Я сел. Это меняло дело. Деньги стоило подождать. Ради них, «зеленых», бурят под землю полез и жизни лишился, а мне всего-то надо посидеть несколько минут за накрытым столом. Ни фига со мной не случится, хотя предстоящий разговор с Жоан, да еще в присутствии Анны, меня пугал. Как оказалось — напрасно. Женщины скоро вернулись, и продюсер произвела со мной полный расчет, за соседним чистым столом быстро и по-деловому отсчитав мне несколько сотенных банкнот.
— Гут? — спросила без эмоций.
— Зер гут, — ответил я, убирая деньги в карман.
— Ауфвидерзеен, Андрэ.
И все. Она отвернулась, равнодушная и холодная, как лягушка. Она занялась расчетом художника-постановщика…
Меня подобное отношение задело. Очень задело. Нельзя же так со мной! Ведь было, было у нас что-то… И что? Что ты хотел, импотент? Важным себя возомнил? Ах каким важным…
Анна, наблюдая все это со стороны, получала удовольствие по полной программе. Даже беззвучно поаплодировала, когда продюсер попрощалась со мной на плохом немецком…
Я по-английски покинул столовую и пошел в свою комнату за вещами.
Все забыть, все! Импотент так импотент. Люди вон без рук и ног живут. И я буду жить, как будто последних двух недель в моей жизни не было вовсе. Не было съемочной группы идиотского кинофильма. Не было снов, спама и кошмаров. А уж тем паче не было, конечно, путешествий на Небеса и в Преисподнюю. Не могло этого быть!

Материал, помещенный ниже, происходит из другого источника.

lemma rat_affine_rel_feedback:
  assumes "rat_affine_rel (Suc n) (Suc m) R"
  shows "rat_affine_rel n m {(a, b) | a b z w. (a @ [z], b @ [w]) \<in> R \<and> z = w * kX}"
proof -
  from assms obtain F where F: "rat_affine_fun (Suc n) (Suc m) F" and R: "R = graph_of (Suc n) F"
    unfolding rat_affine_rel_def by blast
  obtain Z where "rat_affine_form n Z"
    and Z: "\<And>a z. length a = n \<Longrightarrow> z = last (F (a @ [z])) * kX \<longleftrightarrow> z = Z a"
    using rat_affine_fun_feedback[OF F] by blast
  from \<open>rat_affine_form n Z\<close> have "rat_affine_fun n (Suc n) (\<lambda>a. a @ [Z a])"
    by (rule rat_affine_fun_snoc)
  then have "rat_affine_fun n (Suc m) (\<lambda>a. F (a @ [Z a]))" using F by (rule rat_affine_fun_comp)
  then have "rat_affine_fun n m (\<lambda>a. butlast (F (a @ [Z a])))"
    using rat_affine_fun_butlast by (rule rat_affine_fun_comp)
  moreover have "{(a, b) | a b z w. (a @ [z], b @ [w]) \<in> R \<and> z = w * kX}
      = graph_of n (\<lambda>a. butlast (F (a @ [Z a])))"
    unfolding R by (rule graph_of_feedback[OF rat_affine_fun_length[OF F] Z])
  ultimately show ?thesis by (simp add: rat_affine_relI)
qed

section \<open>Denotations of circuits\<close>

lemma gen_den_length:
  "(u, v) \<in> gen_den g \<Longrightarrow> length u = fst (gen_sort g) \<and> length v = snd (gen_sort g)"
  by (cases g) auto

lemma sort_of_Par_SomeE:
  assumes "sort_of (Par c d) = Some (n, m)"
  obtains n1 m1 n2 m2 where "sort_of c = Some (n1, m1)" "sort_of d = Some (n2, m2)"
    "n = n1 + n2" "m = m1 + m2"
  using assms that by (auto split: option.splits)

lemma den_length:
  "sort_of c = Some (n, m) \<Longrightarrow> (u, v) \<in> den c \<Longrightarrow> length u = n \<and> length v = m"
proof (induct c arbitrary: n m u v)
  case (G g)
  then show ?case using gen_den_length[of u v g] by auto
next
  case (Op g)
  then show ?case using gen_den_length[of v u g] by auto
next
  case (Seq c d)
  then show ?case by (auto split: option.splits if_splits)
next
  case (Par c d)
  from Par.prems(1) obtain n1 m1 n2 m2 where "sort_of c = Some (n1, m1)" "sort_of d = Some (n2, m2)"
    "n = n1 + n2" "m = m1 + m2"
    by (rule sort_of_Par_SomeE)
  with Par show ?case by fastforce
qed auto

lemma den_Par_memI: "(a, b) \<in> den c \<Longrightarrow> (a', b') \<in> den d \<Longrightarrow> (a @ a', b @ b') \<in> den (Par c d)"
  by auto

lemma den_basic:
  "gen_den Copy = graph_of 1 (\<lambda>p. [p ! 0, p ! 0])"
  "gen_den Disc = graph_of 1 (\<lambda>p. [])"
  "gen_den (Amp r) = graph_of 1 (\<lambda>p. [kconst r * p ! 0])"
  "gen_den Reg = graph_of 1 (\<lambda>p. [kX * p ! 0])"
  "gen_den Add = graph_of 2 (\<lambda>p. [p ! 0 + p ! 1])"
  "gen_den Zero = graph_of 0 (\<lambda>p. [0])"
  "gen_den One = graph_of 0 (\<lambda>p. [1])"
  "den Id0 = graph_of 0 (\<lambda>p. [])"
  "den Id1 = graph_of 1 (\<lambda>p. p)"
  "den Sw = graph_of 2 (\<lambda>p. [p ! 1, p ! 0])"
  by (auto simp: graph_of_def length_Suc_conv numeral_2_eq_2 mult.commute)

lemma sort_of_ids: "sort_of (ids n) = Some (n, n)"
  by (induct n) auto

lemma den_ids: "den (ids n :: 'k::field circ) = graph_of n (\<lambda>p. p)"
proof (induct n)
  case 0
  then show ?case by (auto simp: graph_of_def)
next
  case (Suc n)
  have "den (ids (Suc n) :: 'k circ) =
      {(a @ a', b @ b') | a b a' b'. (a, b) \<in> graph_of 1 (\<lambda>p. p) \<and> (a', b') \<in> graph_of n (\<lambda>p. p)}"
    using Suc.hyps by (simp del: den.simps(4) add: den_basic(9))
  also have "\<dots> = graph_of (Suc n) (\<lambda>p. p)"
    by (simp add: graph_of_append)
  finally show ?case .
qed

lemma den_cup: "den cup = {([], [z, z]) | z. True}"
  unfolding cup_def by auto

lemma den_cap: "den cap = {([z, z], []) | z. True}"
  unfolding cap_def by auto

lemma sort_of_trace: "sort_of c = Some (Suc n, Suc m) \<Longrightarrow> sort_of (trace n m c) = Some (n, m)"
  by (simp add: trace_def sort_of_ids cup_def cap_def)

lemma den_trace_pieces:
  fixes n m :: nat
  shows "den (Par (ids n) cup :: 'k::field circ) = {(a, a @ [z, z]) | a z. length a = n}" (is ?bend)
    "den (Par (ids m) (Seq (Par (G Reg) Id1) cap) :: 'k circ) =
      {(b @ [w, w * kX], b) | b w. length b = m}" (is ?loop)
proof -
  show ?bend
  proof (intro set_eqI iffI)
    fix x :: "'k kx list \<times> 'k kx list"
    assume "x \<in> {(a, a @ [z, z]) | a z. length a = n}"
    then obtain a z where "x = (a @ [], a @ [z, z])" "length a = n" by auto
    then show "x \<in> den (Par (ids n) cup)"
      by (auto intro!: den_Par_memI simp: den_ids graph_of_def den_cup)
  qed (auto simp: den_ids graph_of_def den_cup)
  have reg: "den (Par (G Reg) Id1 :: 'k circ) = {([p, q], [p * kX, q]) | p q. True}"
  proof (intro set_eqI iffI)
    fix x :: "'k kx list \<times> 'k kx list"
    assume "x \<in> {([p, q], [p * kX, q]) | p q. True}"
    then obtain p q where x: "x = ([p] @ [q], [p * kX] @ [q])" by auto
    have "([p] @ [q], [p * kX] @ [q]) \<in> den (Par (G Reg) Id1)" by (rule den_Par_memI) auto
    then show "x \<in> den (Par (G Reg) Id1)" unfolding x .
  qed auto
  then have ring: "den (Seq (Par (G Reg) Id1) cap :: 'k circ) = {([w, w * kX], []) | w. True}"
    by (auto simp: den_cap)
  show ?loop
  proof (intro set_eqI iffI)
    fix x :: "'k kx list \<times> 'k kx list"
    assume "x \<in> {(b @ [w, w * kX], b) | b w. length b = m}"
    then obtain b w where x: "x = (b @ [w, w * kX], b @ [])" and "length b = m" by auto
    moreover have "([w, w * kX], []) \<in> den (Seq (Par (G Reg) Id1) cap)"
      unfolding ring by blast
    ultimately have "(b @ [w, w * kX], b @ []) \<in> den (Par (ids m) (Seq (Par (G Reg) Id1) cap))"
      by (intro den_Par_memI) (auto simp: den_ids graph_of_def)
    then show "x \<in> den (Par (ids m) (Seq (Par (G Reg) Id1) cap))" unfolding x .
  qed (auto simp: den_ids graph_of_def den_cap)
qed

Придя в комнату, долго вертел в руках череп барана, но все-таки, завернув в грязную майку, сунул в сумку. Бубен тоже взял, положил в целлофановый пакет. Подвешу дома на гвоздь над диваном, пусть напоминает всем входящим, что нечего лезть в дела запредельные и запретные.
Темнота, тьма не есть простое отсутствие света. Тьма отдельная, определяющая грешный мир субстанция наравне со светом, а возможно, и первичнее его. Так и есть, вероятно. У Иоанна Богослова, заглянувшего Божьим соизволением за грань мироздания и за его кровавый финал, написано: «Была тьма, и сказал Господь…» Дальше уже не важно. Дальше — спорно. Кто сказал? Зачем? И был ли в его слове… ладно, пусть Слове. Но был ли смысл?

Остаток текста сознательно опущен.